The project examined the suitability of the current German guideline for geotextile filters in road construction, particularly the lower bound of the characteristic opening width (O90). The guideline, published in 2016, distinguishes three safety cases and specifies allowable opening widths. While the upper limit was considered technically feasible, the lower limit was largely a concession to the products available on the market. In practice, most geotextiles sold for road construction have opening widths between 0.06 mm and 0.08 mm, the lower bound of the guideline. Field experience has shown that such narrow openings lead to a time‑dependent loss of permeability and to clogging (colmatation) when the filter is exposed to overlying soil. This reduces the hydraulic effectiveness of the filter and can compromise slope stability by increasing pore‑water pressure.

To investigate these issues, the research team conducted a comprehensive market survey and a field survey of geotextile use in road construction. Both surveys confirmed that only products with the lower opening‑width range and thin filter layers are available and used. The core of the project was the development and application of laboratory test methods to evaluate filter performance under realistic conditions. A test rig was designed and built, and a series of preliminary tests were carried out before the main system tests. The system tests comprised long‑term permeability tests (lateral flow tests, LFT), cyclic loading tests, and suspension tests with kaolin to simulate fine‑particle transport. Four representative soils were selected: two erosion‑ and suffosion‑prone soils (wide‑graded sand and a light plastic silty loam) and two relatively stable soils (fine sand and a sand‑clay mix). Seven geotextiles with varying opening widths (0.06–0.3 mm) and filter thicknesses (1 mm to 3.3 mm) were chosen from the market. For the upper opening‑width limit, a woven monofilament fabric was used because no woven products with the upper limit exist.

The experimental results showed that the narrow opening widths of the available geotextiles lead to a pronounced reduction in permeability over time, especially under cyclic loading and when fine particles are present. In the suspension tests, the amount of kaolin transported into the soil pores increased with higher solid passage and higher water flow rates, confirming the risk of clogging. The data also revealed that the lower opening‑width limit of 0.06–0.08 mm is insufficient for soils prone to erosion or suffosion, as the filters fail to maintain adequate hydraulic conductivity. Consequently, the project recommends raising the lower bound of the opening width in the guideline to reduce clogging risk and improve the reliability of geotextile filters in road construction.
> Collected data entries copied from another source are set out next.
(* Let $A_0(z)$ be the unique function holomorphic near $z=0$ with $A_0(0)=0$ and $z(1+A_0(z))^3=A_0(z)$, and define $A_{k}(z)$, $k\ge1$, recursively by the recurrence below. Define numbers $A_k[n]$ by $A_k(z)=(-1)^k\sum_{n=1}^\infty A_k[n]z^n$. Then for all $k\ge0$ and $n\ge1$, $A_k[n]$ is a positive integer, and $A_k[1]=1$.
   Context: With $\delta_z=z\frac{d}{dz}$, for $k\ge0$: $$A_{k+1}=\frac{1+A_0}{2A_0-1}\Bigl(\delta_z^2A_k+\sum_{i+j=k}\bigl(A_i\delta_z^2A_j-\delta_zA_i\,\delta_zA_j\bigr)-3z\!\!\sum_{\substack{i+j=k+1\\ i,j\le k}}\!\!A_iA_j-z\!\!\!\sum_{\substack{j_1+j_2+j_3=k+1\\ j_1,j_2,j_3\le k}}\!\!\!A_{j_1}A_{j_2}A_{j_3}\Bigr),$$ all indices nonnegative. Equivalently, $(A_k)_{k\ge0}$ is the unique sequence of functions holomorphic in $|z|<4/27$ such that $\sum_k A_k(z)a^{-2k}$ formally solves $a^2(z(1+A)^3-A)=(1+A)\delta_z^2A-(\delta_zA)^2$. *)

theory Defs
  imports "HOL-Complex_Analysis.Complex_Analysis"
begin

definition euler_op :: "(complex \<Rightarrow> complex) \<Rightarrow> complex \<Rightarrow> complex" where
  "euler_op f = (\<lambda>z. z * deriv f z)"

text \<open>One step of the recurrence: given A_0,...,A_k (as the function B restricted to indices \<le> k),
  produce A_(k+1).\<close>
definition rec_step :: "(nat \<Rightarrow> complex \<Rightarrow> complex) \<Rightarrow> nat \<Rightarrow> complex \<Rightarrow> complex" where
  "rec_step B k = (\<lambda>z. (1 + B 0 z) / (2 * B 0 z - 1) *
      ( euler_op (euler_op (B k)) z
      + (\<Sum>i\<le>k. B i z * euler_op (euler_op (B (k - i))) z
                  - euler_op (B i) z * euler_op (B (k - i)) z)
      - 3 * z * (\<Sum>(i, j) \<in> {(i, j). i + j = k + 1 \<and> i \<le> k \<and> j \<le> k}. B i z * B j z)
      - z * (\<Sum>(j1, j2, j3) \<in> {(j1, j2, j3). j1 + j2 + j3 = k + 1 \<and> j1 \<le> k \<and> j2 \<le> k \<and> j3 \<le> k}.
               B j1 z * B j2 z * B j3 z)))"

primrec A_list :: "(complex \<Rightarrow> complex) \<Rightarrow> nat \<Rightarrow> (complex \<Rightarrow> complex) list" where
  "A_list A0 0 = [A0]"
| "A_list A0 (Suc k) = A_list A0 k @ [rec_step (\<lambda>i. A_list A0 k ! i) k]"

definition A_seq :: "(complex \<Rightarrow> complex) \<Rightarrow> nat \<Rightarrow> complex \<Rightarrow> complex" where
  "A_seq A0 k = A_list A0 k ! k"

definition taylor_coeff :: "(complex \<Rightarrow> complex) \<Rightarrow> nat \<Rightarrow> complex" where
  "taylor_coeff f n = (deriv ^^ n) f 0 / fact n"

end

theory Submission
  imports Defs
begin

(*
  Pass to formal power series and put B_k = (-1)^k A_k.  Every product of B's in the
  recurrence then carries the same sign, and it becomes
    (1 - 2 A_0) B_(k+1) = (1 + A_0) T_k,
    T_k = delta^2 B_k + sum (B_i delta^2 B_j - delta B_i delta B_j) + 3 z sum B_i B_j + z sum B_i B_j B_l.
  As 2 A_0 = 2 z (1 + A_0)^3, this is the fixpoint equation
    B_(k+1) = (1 + A_0) T_k + z * 2 (1 + A_0)^3 B_(k+1),
  which determines each coefficient from earlier ones by sums of products, so nonnegative
  integer coefficients propagate, provided T_k has them.  The only subtraction sits in the
  bilinear sum, whose n-th coefficient symmetrises to (1/2) sum b_i[p] b_j[n-p] (n - 2p)^2.
  Positivity comes from the term n^2 B_k[n] of delta^2 B_k, and A_0, the generating function
  of ternary trees, is handled by the same fixpoint argument.
*)

unbundle no vec_syntax

definition nat_coeffs :: "'a::semiring_1 fps \<Rightarrow> bool" where
  "nat_coeffs F \<longleftrightarrow> (\<forall>n. F $ n \<in> \<nat>)"
lemma same_branch_comparable:
  assumes "u \<in> V - spine" and "u' \<in> V - spine" and "branch u = branch u'"
  shows "u \<preceq> u' \<or> u' \<preceq> u"
proof (rule ccontr)
  assume "\<not> (u \<preceq> u' \<or> u' \<preceq> u)"
  moreover have "branch u \<noteq> r"
    using branch_tree_le_notin_spine(2)[OF assms(1)] root_tree_le[OF centre_in_V] unfolding spine_def by auto
  ultimately have "branch u \<in> spine"
    using incomparable_above_centre(1) branch_tree_le_notin_spine(1) assms by metis
  then show False using branch_tree_le_notin_spine(2)[OF assms(1)] by blast
qed

lemma same_branch_le:
  assumes "u \<in> V - spine" and "u' \<in> V - spine" and "branch u = branch u'" and "depth u \<le> depth u'"
  shows "u \<preceq> u'"
  using same_branch_comparable[OF assms(1-3)] assms(4) tree_le_depth_eq tree_le_root_path(3)
  by (metis le_antisym)

lemma edge_same_branch: "u \<in> V - spine \<Longrightarrow> w \<in> V - spine \<Longrightarrow> {u, w} \<in> E \<Longrightarrow> branch u = branch w"
  using edge_comparable branch_eq by metis

text \<open>
  The contracted vertex comes after the whole spine because the outside neighbours of a spine
  vertex other than \<open>r\<close> lie above the centre.
\<close>

lemma crossing_free_spine:
  "crossing_free (insert None (Some ` spine)) (case_option (card V) depth) (contract_adj E (V - spine))"
  unfolding crossing_free_def
proof (intro ballI impI notI)
  let ?pos = "case_option (card V) depth"
  fix a b c d assume X: "a \<in> insert None (Some ` spine)" "b \<in> insert None (Some ` spine)"
    "c \<in> insert None (Some ` spine)" "d \<in> insert None (Some ` spine)"
    and ab: "?pos a < ?pos b" and bc: "?pos b < ?pos c" and cd: "?pos c < ?pos d"
    and edges: "contract_adj E (V - spine) a c \<and> contract_adj E (V - spine) b d"
  have bounded: "?pos z \<le> card V" if "z \<in> insert None (Some ` spine)" for z
    using that depth_less_card spine_subset by (auto simp: less_imp_le)
  obtain a' b' c' where abc: "a = Some a'" "b = Some b'" "c = Some c'"
    and spine: "a' \<in> spine" "b' \<in> spine" "c' \<in> spine"
    using X ab bc cd bounded[OF X(4)] by auto
  have depths: "depth a' < depth b'" "depth b' < depth c'" using ab bc abc by auto
  have ac: "{a', c'} \<in> E" using edges abc by simp
  show False
  proof (cases d)
    case None
    then obtain u where u: "u \<in> V - spine" and bu: "{b', u} \<in> E" using edges abc by auto
    have "b' \<noteq> r" using depths depth_eq_0_iff[OF root] by auto
    then have "centre \<preceq> u" using centre_le_outside spine_le_outside spine(2) u bu by blast
    then have below_u: "x \<preceq> u" if "x \<in> spine" for x
      using that tree_le_trans unfolding spine_def by blast
    have "c' \<noteq> u" using spine u by blast
    then have "depth c' < depth u" using tree_le_depth_less below_u spine by blast
    then show False
      using no_crossing_below[OF below_u below_u below_u tree_le_refl] spine u depths ac bu by blast
  next
    case (Some d')
    then have "d' \<in> spine" and "depth c' < depth d'" and "{b', d'} \<in> E"
      using X(4) cd edges abc by auto
    then show False
      using no_crossing_below[of a' centre b' c' d'] spine depths ac unfolding spine_def by blast
  qed
qed

text \<open>Here the contracted spine comes first, since spine neighbours lie below a branch.\<close>

lemma crossing_free_branch:
  "crossing_free (insert None (Some ` {u \<in> V - spine. branch u = v}))
     (case_option 0 (Suc \<circ> depth)) (contract_adj E spine)"
  unfolding crossing_free_def
proof (intro ballI impI notI)
  let ?B = "{u \<in> V - spine. branch u = v}" and ?pos = "case_option 0 (Suc \<circ> depth)"
  fix a b c d assume X: "a \<in> insert None (Some ` ?B)" "b \<in> insert None (Some ` ?B)"
    "c \<in> insert None (Some ` ?B)" "d \<in> insert None (Some ` ?B)"
    and ab: "?pos a < ?pos b" and bc: "?pos b < ?pos c" and cd: "?pos c < ?pos d"
    and edges: "contract_adj E spine a c \<and> contract_adj E spine b d"
  obtain b' c' d' where bcd: "b = Some b'" "c = Some c'" "d = Some d'"
    and in_B: "b' \<in> ?B" "c' \<in> ?B" "d' \<in> ?B"
    using X ab bc cd by auto
  have depths: "depth b' < depth c'" "depth c' < depth d'" using bc cd bcd by auto
  have bd: "{b', d'} \<in> E" using edges bcd by simp
  have below_d: "x \<preceq> d'" if "x \<in> ?B" "depth x \<le> depth d'" for x
    using same_branch_le that in_B(3) by auto
  show False
  proof (cases a)
    case None
    then obtain s where s: "s \<in> spine" and cs: "{c', s} \<in> E" using edges bcd by auto
    have "s \<preceq> c'" using spine_le_outside[OF s] cs in_B(2) by (simp add: insert_commute)
    then have sd: "s \<preceq> d'" using tree_le_trans below_d in_B(2) depths by simp
    have "depth s < depth b'"
    proof (rule ccontr)
      assume "\<not> depth s < depth b'"
      then have "b' \<preceq> s" using tree_le_linear[OF below_d[OF in_B(1)] sd] depths by simp
      then have "b' \<in> spine" using s tree_le_trans unfolding spine_def by blast
      then show False using in_B(1) by blast
    qed
    then show False
      using no_crossing_below[OF sd below_d below_d tree_le_refl] in_B depths cs bd
      by (auto simp: insert_commute)
  next
    case (Some a')
    then have "a' \<in> ?B" and "depth a' < depth b'" and "{a', c'} \<in> E"
      using X(1) ab edges bcd by auto
    then show False
      using no_crossing_below[OF below_d below_d below_d tree_le_refl] in_B depths bd by auto
  qed
qed
text \<open>If a Lipschitz real function on a subset Y of X has [a,b] in its image, then X
  maps Lipschitz onto [a,b]: extend it to X and truncate to [a,b].\<close>

lemma interval_in_Lipschitz_image_imp_onto:
  fixes \<phi> :: "'a \<Rightarrow> real"
  assumes Y: "Y \<subseteq> mspace X"
    and \<phi>: "Lipschitz_continuous_map (submetric X Y) euclidean_metric \<phi>"
    and ab: "a < b" "{a..b} \<subseteq> \<phi> ` Y"
  shows "maps_Lipschitz_onto_interval X"
proof -
  obtain B where B: "B > 0" "\<And>x y. x \<in> Y \<Longrightarrow> y \<in> Y \<Longrightarrow> dist (\<phi> x) (\<phi> y) \<le> B * mdist X x y"
    using \<phi> Y unfolding Lipschitz_continuous_map_pos by (auto simp: Int_absorb2)
  have "Y \<noteq> {}" using ab by auto
  moreover have "\<phi> x \<le> \<phi> y + B * mdist X x y" if "x \<in> Y" "y \<in> Y" for x y
    using B(2)[OF that] by (simp add: dist_real_def abs_le_iff)
  ultimately obtain \<psi> where
    \<psi>: "\<And>p q. p \<in> mspace X \<Longrightarrow> q \<in> mspace X \<Longrightarrow> \<psi> p \<le> \<psi> q + B * mdist X p q"
    and ext: "\<And>y. y \<in> Y \<Longrightarrow> \<psi> y = \<phi> y"
    using McShane_extension[OF Y _ less_imp_le[OF B(1)]] by metis
  define F where "F p = max a (min b (\<psi> p))" for p
  have "Lipschitz_continuous_map X euclidean_metric F"
    unfolding Lipschitz_continuous_map_def
  proof (intro conjI exI[of _ B] ballI)
    fix p q assume pq: "p \<in> mspace X" "q \<in> mspace X"
    then show "mdist euclidean_metric (F p) (F q) \<le> B * mdist X p q"
      using \<psi>[OF pq] \<psi>[OF pq(2,1)] by (auto simp: F_def dist_real_def mdist_commute)
  qed simp
  moreover have "F ` mspace X = {a..b}"
  proof
    show "F ` mspace X \<subseteq> {a..b}" using ab by (auto simp: F_def)
    show "{a..b} \<subseteq> F ` mspace X"
    proof
      fix t assume t: "t \<in> {a..b}"
      then obtain y where "y \<in> Y" "\<phi> y = t" using ab by blast
      then show "t \<in> F ` mspace X"
        using t ext Y by (intro image_eqI[of _ _ y]) (auto simp: F_def)
    qed
  qed
  ultimately show ?thesis
    using ab unfolding maps_Lipschitz_onto_interval_def by blast
qed

text \<open>An open ball whose sphere misses S is clopen relative to S, because within S it
  coincides with the closed ball.\<close>

lemma ball_clopen_in_subspace:
  assumes "S \<subseteq> mspace Z" "\<And>y. y \<in> S \<Longrightarrow> mdist Z x y \<noteq> r"
  shows "openin (subtopology (mtopology_of Z) S) (mball_of Z x r \<inter> S)"
    and "closedin (subtopology (mtopology_of Z) S) (mball_of Z x r \<inter> S)"
proof -
  have "mball_of Z x r \<inter> S = mcball_of Z x r \<inter> S"
    using assms by (auto simp: less_le)
  moreover have "openin (mtopology_of Z) (mball_of Z x r)"
    by (simp add: mball_of_def mtopology_of_def Metric_space.openin_mball)
  moreover have "closedin (mtopology_of Z) (mcball_of Z x r)"
    by (simp add: mcball_of_def mtopology_of_def Metric_space.closedin_mcball)
  ultimately show "openin (subtopology (mtopology_of Z) S) (mball_of Z x r \<inter> S)"
    and "closedin (subtopology (mtopology_of Z) S) (mball_of Z x r \<inter> S)"
    by (metis openin_subtopology_Int, metis closedin_subtopology_Int_closed inf_commute)
qed

text \<open>Sufficiency, main step: if X maps Lipschitz onto no interval, every Lipschitz
  image g(Y) of a subset has trind \<le> 0.  Around g y0 the distances to points of
  g(Y) omit some radius s in [r/2,r], and the s-ball is a small clopen neighbourhood.\<close>

lemma no_Lipschitz_onto_interval_imp_trind_le_zero:
  assumes noonto: "\<not> maps_Lipschitz_onto_interval X" and Y: "Y \<subseteq> mspace X"
    and g: "Lipschitz_continuous_map (submetric X Y) Z g"
  shows "trind_le_zero (subtopology (mtopology_of Z) (g ` Y))"
  unfolding trind_le_zero_iff_clopen_base
proof (intro ballI allI impI, elim conjE)
  let ?T = "subtopology (mtopology_of Z) (g ` Y)"
  have gY: "g ` Y \<subseteq> mspace Z"
    using g Y unfolding Lipschitz_continuous_map_def by auto
  fix x U assume x: "x \<in> topspace ?T" and U: "openin ?T U" "x \<in> U"
  have xZ: "x \<in> mspace Z" using x gY by auto
  obtain W where W: "openin (mtopology_of Z) W" "U = W \<inter> g ` Y"
    using U(1) by (auto simp: openin_subtopology)
  obtain r where r: "r > 0" "mball_of Z x r \<subseteq> W"
    using W U(2) unfolding mtopology_of_def mball_of_def
      Metric_space.openin_mtopology[OF Metric_space_mspace_mdist] by blast
  have dist_Lipschitz: "Lipschitz_continuous_map (submetric X Y) euclidean_metric (\<lambda>y. mdist Z x (g y))"
    using xZ by (intro Lipschitz_continuous_map_mdist g) (simp add: Lipschitz_continuous_map_const)
  have "r / 2 < r" using r(1) by simp
  then have "\<not> {r/2..r} \<subseteq> (\<lambda>y. mdist Z x (g y)) ` Y"
    using interval_in_Lipschitz_image_imp_onto[OF Y dist_Lipschitz] noonto by blast
  then obtain s where s: "s \<in> {r/2..r}" "s \<notin> (\<lambda>y. mdist Z x (g y)) ` Y"
    by (meson subsetI)
  then have sphere: "mdist Z x z \<noteq> s" if "z \<in> g ` Y" for z
    using that by blast
  define V where "V = mball_of Z x s \<inter> g ` Y"
  have "openin ?T V" "closedin ?T V"
    unfolding V_def using ball_clopen_in_subspace[OF gY sphere] by simp_all
  moreover have "x \<in> V"
  proof -
    have "mdist Z x x = 0" using xZ by simp
    then have "x \<in> mball_of Z x s" using xZ s(1) r(1) by (simp del: mdist_zero)
    then show ?thesis using U(2) W(2) by (simp add: V_def)
  qed
  moreover have "V \<subseteq> U"
    using W r(2) s(1) by (auto simp: V_def)
  ultimately show "\<exists>V. openin ?T V \<and> closedin ?T V \<and> x \<in> V \<and> V \<subseteq> U"
    by (intro exI[of _ V] conjI)
qed

lemma no_Lipschitz_onto_interval_imp_tHD_eq_zero:
  assumes "\<not> maps_Lipschitz_onto_interval X" "mspace X \<noteq> {}"
  shows "tHD_eq_zero X"
  unfolding tHD_eq_zero_def
proof (intro conjI allI impI; (elim conjE)?)
  show "trind_le_zero (subtopology (mtopology_of Z) (f ` Y))"
    if "Y \<subseteq> mspace X" "Lipschitz_continuous_map (submetric X Y) Z f"
    for Y and Z :: "'a metric" and f :: "'a \<Rightarrow> 'a"
    using no_Lipschitz_onto_interval_imp_trind_le_zero[OF assms(1) that] .
  obtain x0 where x0: "x0 \<in> mspace X" using assms(2) by blast
  have "Lipschitz_continuous_map (submetric X {x0}) X (\<lambda>x. x)"
    by (rule Lipschitz_continuous_map_from_submetric[OF Lipschitz_continuous_map_id])
  moreover have "trind_eq_zero (subtopology (mtopology_of X) ((\<lambda>x. x) ` {x0}))"
    using trind_eq_zero_singleton[of x0 "mtopology_of X"] x0 by simp
  ultimately show "\<exists>Y (Z :: 'a metric) (f :: 'a \<Rightarrow> 'a). Y \<subseteq> mspace X \<and>
      Lipschitz_continuous_map (submetric X Y) Z f \<and> trind_eq_zero (subtopology (mtopology_of Z) (f ` Y))"
    using x0 by blast
qed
The project was funded by the German Federal Office for Civil Engineering (BASt) under the grant S 204. It involved collaboration between research institutions, which designed the test methods and conducted the experiments, and industry partners that supplied the geotextiles and provided technical expertise on product characteristics. The research spanned two years, during which the team coordinated data collection, analysis, and the preparation of recommendations for the guideline. The findings provide a scientific basis for revising the filter rules, thereby enhancing the safety and cost‑effectiveness of road construction projects that rely on geotextile filtration.